Exercise —
Check each line of the records below for the word "also" and give the number of lines that have it, with nothing added.

### Given information

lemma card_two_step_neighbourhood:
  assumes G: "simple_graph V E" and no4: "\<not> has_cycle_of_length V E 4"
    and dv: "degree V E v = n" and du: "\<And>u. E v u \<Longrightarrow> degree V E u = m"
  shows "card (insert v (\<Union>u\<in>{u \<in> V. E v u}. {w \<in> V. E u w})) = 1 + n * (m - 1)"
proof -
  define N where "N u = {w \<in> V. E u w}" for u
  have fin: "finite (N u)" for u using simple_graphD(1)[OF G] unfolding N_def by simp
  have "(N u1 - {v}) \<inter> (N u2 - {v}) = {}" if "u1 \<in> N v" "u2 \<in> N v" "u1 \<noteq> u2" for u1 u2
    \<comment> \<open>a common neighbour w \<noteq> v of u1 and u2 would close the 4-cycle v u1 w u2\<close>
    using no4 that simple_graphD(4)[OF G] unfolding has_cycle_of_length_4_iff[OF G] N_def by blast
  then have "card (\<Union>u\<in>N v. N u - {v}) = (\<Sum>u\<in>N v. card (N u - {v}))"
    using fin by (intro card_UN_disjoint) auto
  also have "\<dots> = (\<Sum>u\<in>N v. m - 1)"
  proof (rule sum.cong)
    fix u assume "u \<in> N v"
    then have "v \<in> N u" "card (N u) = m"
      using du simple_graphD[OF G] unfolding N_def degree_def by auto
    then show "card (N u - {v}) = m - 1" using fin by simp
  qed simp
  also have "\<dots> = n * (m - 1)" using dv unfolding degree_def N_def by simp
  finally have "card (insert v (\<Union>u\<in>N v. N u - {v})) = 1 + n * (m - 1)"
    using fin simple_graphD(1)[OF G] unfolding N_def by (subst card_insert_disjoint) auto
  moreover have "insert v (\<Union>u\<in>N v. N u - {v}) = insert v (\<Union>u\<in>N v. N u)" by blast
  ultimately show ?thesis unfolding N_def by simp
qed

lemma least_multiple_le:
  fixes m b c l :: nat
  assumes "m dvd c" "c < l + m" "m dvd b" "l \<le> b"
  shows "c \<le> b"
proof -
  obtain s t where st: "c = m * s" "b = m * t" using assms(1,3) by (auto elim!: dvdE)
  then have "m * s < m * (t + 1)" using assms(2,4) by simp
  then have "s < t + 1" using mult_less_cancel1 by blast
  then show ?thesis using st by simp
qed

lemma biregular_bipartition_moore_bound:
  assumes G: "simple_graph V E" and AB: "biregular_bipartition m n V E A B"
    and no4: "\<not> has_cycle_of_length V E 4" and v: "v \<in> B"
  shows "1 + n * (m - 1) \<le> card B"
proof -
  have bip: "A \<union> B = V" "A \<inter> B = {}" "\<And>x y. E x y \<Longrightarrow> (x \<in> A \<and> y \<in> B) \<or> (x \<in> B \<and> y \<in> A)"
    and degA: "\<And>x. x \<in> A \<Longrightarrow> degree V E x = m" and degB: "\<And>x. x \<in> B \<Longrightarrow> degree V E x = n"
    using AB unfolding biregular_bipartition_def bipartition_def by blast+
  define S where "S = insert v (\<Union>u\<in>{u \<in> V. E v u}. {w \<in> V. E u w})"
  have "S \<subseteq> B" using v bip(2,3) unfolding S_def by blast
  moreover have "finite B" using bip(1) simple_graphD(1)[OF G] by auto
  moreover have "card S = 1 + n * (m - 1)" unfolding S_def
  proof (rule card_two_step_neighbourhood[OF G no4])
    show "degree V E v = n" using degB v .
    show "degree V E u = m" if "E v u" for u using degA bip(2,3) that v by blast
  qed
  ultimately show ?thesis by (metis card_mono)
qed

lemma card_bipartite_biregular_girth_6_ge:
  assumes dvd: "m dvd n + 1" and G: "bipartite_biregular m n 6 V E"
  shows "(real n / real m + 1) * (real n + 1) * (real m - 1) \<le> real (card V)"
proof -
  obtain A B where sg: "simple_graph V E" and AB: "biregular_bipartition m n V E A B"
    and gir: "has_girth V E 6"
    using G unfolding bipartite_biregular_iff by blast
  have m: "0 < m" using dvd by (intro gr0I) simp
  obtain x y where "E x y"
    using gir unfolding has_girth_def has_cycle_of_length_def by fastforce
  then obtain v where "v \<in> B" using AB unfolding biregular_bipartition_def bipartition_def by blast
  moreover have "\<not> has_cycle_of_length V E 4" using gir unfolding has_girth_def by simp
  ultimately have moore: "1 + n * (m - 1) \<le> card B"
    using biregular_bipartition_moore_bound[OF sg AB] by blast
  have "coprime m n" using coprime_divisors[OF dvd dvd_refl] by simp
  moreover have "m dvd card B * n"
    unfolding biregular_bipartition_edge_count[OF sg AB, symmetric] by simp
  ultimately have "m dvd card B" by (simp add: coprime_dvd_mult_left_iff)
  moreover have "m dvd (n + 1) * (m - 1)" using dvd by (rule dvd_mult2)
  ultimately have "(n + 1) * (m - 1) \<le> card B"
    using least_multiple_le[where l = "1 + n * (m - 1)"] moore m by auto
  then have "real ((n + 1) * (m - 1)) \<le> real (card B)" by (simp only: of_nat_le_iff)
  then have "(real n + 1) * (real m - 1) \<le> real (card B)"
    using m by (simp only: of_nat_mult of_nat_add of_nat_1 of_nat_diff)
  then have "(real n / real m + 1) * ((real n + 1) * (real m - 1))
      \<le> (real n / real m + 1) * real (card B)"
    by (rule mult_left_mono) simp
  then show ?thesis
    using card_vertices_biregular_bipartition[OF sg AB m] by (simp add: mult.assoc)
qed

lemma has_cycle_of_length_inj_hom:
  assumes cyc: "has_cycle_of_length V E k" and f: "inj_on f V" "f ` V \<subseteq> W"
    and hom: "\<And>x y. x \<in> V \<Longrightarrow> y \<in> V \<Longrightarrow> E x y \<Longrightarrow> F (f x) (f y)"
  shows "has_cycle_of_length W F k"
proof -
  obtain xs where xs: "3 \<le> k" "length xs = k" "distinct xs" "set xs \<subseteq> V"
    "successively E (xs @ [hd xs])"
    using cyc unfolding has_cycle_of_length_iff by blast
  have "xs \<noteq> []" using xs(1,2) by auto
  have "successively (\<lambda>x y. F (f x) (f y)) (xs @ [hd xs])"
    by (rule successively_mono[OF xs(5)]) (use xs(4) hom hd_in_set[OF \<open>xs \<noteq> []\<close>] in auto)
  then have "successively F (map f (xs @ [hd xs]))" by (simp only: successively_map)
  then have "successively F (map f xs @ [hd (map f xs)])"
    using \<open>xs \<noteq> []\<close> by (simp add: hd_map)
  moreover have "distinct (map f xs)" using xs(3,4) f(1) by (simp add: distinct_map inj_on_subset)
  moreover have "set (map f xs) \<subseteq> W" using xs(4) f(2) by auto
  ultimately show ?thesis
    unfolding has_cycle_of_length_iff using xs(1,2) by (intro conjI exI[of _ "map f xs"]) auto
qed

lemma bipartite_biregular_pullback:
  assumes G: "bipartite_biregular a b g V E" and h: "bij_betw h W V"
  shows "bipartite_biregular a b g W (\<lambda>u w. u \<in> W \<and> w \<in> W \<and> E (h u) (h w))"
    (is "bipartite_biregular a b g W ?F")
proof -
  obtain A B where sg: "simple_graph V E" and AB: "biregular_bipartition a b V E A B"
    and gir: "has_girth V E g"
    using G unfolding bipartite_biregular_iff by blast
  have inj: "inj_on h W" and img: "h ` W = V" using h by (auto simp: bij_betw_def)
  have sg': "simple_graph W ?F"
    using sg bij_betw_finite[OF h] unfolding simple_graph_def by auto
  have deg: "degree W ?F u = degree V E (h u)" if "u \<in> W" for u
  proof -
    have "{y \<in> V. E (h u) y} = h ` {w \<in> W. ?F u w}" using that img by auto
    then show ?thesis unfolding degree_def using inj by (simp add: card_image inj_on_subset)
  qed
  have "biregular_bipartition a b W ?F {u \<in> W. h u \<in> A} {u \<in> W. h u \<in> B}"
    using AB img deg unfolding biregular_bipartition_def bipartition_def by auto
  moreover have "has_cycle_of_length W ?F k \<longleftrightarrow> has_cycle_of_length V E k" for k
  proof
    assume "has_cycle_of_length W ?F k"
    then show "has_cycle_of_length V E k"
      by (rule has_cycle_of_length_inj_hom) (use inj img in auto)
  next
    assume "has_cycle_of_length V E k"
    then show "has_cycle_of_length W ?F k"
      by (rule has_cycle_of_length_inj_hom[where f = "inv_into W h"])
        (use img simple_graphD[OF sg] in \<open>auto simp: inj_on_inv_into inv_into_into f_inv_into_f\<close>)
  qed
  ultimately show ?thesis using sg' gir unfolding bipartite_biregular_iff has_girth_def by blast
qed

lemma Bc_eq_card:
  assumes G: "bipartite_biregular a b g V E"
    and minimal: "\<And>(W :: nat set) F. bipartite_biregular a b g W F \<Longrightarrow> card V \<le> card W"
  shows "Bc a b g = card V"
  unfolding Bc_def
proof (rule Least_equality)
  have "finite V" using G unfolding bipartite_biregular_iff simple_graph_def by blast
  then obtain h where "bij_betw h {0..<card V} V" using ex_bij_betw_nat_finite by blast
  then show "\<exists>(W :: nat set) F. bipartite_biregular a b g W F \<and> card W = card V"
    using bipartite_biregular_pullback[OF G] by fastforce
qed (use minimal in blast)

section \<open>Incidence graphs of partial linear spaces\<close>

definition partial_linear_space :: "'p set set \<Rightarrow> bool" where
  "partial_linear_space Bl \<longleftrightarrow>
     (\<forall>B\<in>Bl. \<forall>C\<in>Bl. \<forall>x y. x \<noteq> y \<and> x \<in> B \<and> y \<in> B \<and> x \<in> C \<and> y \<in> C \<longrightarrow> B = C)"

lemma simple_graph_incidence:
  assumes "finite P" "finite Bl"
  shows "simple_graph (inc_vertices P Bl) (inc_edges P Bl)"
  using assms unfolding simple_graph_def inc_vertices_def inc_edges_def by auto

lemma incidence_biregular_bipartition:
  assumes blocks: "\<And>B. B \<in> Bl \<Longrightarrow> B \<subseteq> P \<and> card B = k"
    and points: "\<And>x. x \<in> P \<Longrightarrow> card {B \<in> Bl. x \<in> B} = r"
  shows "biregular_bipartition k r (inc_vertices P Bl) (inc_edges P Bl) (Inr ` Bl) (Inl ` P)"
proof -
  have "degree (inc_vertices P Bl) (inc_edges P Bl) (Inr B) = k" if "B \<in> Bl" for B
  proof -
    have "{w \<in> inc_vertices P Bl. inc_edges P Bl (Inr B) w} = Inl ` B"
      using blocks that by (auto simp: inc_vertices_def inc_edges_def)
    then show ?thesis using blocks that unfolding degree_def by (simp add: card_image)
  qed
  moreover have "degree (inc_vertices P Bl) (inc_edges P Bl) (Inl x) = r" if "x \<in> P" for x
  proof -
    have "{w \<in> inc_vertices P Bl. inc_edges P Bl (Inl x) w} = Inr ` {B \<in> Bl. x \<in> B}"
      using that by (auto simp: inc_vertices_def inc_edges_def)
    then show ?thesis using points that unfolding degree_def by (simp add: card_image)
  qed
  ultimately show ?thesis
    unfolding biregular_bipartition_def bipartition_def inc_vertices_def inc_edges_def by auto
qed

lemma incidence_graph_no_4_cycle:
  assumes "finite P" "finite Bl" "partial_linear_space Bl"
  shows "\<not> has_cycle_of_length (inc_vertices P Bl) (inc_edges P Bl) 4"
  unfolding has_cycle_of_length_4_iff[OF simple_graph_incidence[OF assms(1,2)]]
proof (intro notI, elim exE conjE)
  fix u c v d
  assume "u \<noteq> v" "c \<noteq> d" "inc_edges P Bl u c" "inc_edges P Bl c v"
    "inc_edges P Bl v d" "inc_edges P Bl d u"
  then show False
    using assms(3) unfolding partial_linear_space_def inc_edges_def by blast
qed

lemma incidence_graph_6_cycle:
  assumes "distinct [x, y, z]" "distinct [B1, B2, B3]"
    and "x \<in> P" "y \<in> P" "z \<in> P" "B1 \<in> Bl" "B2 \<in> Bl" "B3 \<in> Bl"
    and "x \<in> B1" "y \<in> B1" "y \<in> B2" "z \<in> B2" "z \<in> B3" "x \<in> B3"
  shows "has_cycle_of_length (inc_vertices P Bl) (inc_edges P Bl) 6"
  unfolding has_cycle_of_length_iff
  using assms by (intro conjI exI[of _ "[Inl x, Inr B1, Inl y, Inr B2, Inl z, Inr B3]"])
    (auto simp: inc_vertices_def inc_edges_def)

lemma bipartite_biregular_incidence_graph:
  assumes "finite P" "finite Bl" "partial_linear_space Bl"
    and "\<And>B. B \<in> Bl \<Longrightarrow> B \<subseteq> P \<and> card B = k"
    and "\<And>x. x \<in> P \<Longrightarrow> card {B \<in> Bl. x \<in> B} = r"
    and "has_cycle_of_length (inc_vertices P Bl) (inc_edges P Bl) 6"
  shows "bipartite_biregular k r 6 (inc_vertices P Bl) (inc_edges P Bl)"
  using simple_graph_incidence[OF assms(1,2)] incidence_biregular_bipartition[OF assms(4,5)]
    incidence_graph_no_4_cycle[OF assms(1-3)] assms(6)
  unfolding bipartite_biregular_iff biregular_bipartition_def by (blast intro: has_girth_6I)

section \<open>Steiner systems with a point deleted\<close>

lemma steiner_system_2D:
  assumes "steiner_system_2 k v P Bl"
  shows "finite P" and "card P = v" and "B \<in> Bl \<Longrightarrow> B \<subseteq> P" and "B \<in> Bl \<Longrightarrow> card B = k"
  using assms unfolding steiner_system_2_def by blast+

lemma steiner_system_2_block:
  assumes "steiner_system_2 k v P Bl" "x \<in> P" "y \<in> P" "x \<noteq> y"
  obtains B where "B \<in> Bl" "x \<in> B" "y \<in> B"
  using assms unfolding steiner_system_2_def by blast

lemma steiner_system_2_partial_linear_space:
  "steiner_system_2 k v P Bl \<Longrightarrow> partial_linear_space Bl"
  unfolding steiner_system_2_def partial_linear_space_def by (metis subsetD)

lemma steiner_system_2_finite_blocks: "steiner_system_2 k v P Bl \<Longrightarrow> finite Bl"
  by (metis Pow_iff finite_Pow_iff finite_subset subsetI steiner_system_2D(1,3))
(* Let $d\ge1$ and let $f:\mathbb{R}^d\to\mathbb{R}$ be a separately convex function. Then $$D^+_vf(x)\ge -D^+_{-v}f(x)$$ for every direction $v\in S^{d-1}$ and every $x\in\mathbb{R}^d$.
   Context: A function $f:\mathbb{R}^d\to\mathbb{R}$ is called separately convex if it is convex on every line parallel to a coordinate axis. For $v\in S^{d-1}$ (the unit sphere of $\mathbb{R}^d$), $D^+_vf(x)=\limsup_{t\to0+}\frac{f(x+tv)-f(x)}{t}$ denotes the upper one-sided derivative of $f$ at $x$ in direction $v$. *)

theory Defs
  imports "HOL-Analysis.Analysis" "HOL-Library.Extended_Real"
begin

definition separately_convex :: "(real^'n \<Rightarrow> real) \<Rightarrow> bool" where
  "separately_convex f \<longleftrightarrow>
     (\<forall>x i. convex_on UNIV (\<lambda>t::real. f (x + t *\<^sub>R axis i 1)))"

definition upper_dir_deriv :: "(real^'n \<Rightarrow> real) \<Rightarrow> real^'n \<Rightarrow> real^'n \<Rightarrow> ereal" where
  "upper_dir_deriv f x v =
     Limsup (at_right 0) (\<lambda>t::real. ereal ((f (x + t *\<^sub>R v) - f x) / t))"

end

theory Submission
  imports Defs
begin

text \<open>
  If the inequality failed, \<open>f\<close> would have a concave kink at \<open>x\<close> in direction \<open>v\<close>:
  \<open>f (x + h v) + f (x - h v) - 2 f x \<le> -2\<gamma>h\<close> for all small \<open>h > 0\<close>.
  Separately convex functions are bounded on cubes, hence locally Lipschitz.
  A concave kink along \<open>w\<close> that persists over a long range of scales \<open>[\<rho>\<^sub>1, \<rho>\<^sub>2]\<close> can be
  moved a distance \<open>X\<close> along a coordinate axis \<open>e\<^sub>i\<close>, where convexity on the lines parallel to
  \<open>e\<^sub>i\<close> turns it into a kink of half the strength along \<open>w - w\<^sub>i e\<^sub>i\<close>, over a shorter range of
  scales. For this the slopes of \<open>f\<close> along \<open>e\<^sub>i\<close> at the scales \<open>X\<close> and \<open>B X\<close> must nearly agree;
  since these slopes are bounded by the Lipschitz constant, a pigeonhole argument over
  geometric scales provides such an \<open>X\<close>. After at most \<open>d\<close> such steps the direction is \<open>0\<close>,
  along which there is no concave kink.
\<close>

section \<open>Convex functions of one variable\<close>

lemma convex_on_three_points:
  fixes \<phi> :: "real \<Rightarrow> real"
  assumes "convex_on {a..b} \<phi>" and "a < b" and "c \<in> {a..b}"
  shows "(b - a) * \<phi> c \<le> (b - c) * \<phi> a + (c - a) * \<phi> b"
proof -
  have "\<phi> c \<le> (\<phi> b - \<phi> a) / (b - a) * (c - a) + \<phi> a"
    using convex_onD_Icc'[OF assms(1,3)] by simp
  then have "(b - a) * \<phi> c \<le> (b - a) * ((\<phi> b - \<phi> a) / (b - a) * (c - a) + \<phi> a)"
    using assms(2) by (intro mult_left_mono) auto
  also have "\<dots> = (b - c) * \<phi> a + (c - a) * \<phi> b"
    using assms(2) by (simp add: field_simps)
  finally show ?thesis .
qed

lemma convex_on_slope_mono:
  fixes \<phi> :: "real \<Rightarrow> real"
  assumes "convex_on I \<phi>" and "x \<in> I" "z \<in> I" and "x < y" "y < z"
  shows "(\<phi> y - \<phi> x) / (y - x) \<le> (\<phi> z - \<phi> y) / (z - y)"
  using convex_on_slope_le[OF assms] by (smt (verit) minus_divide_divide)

######

Result of the exercise —
3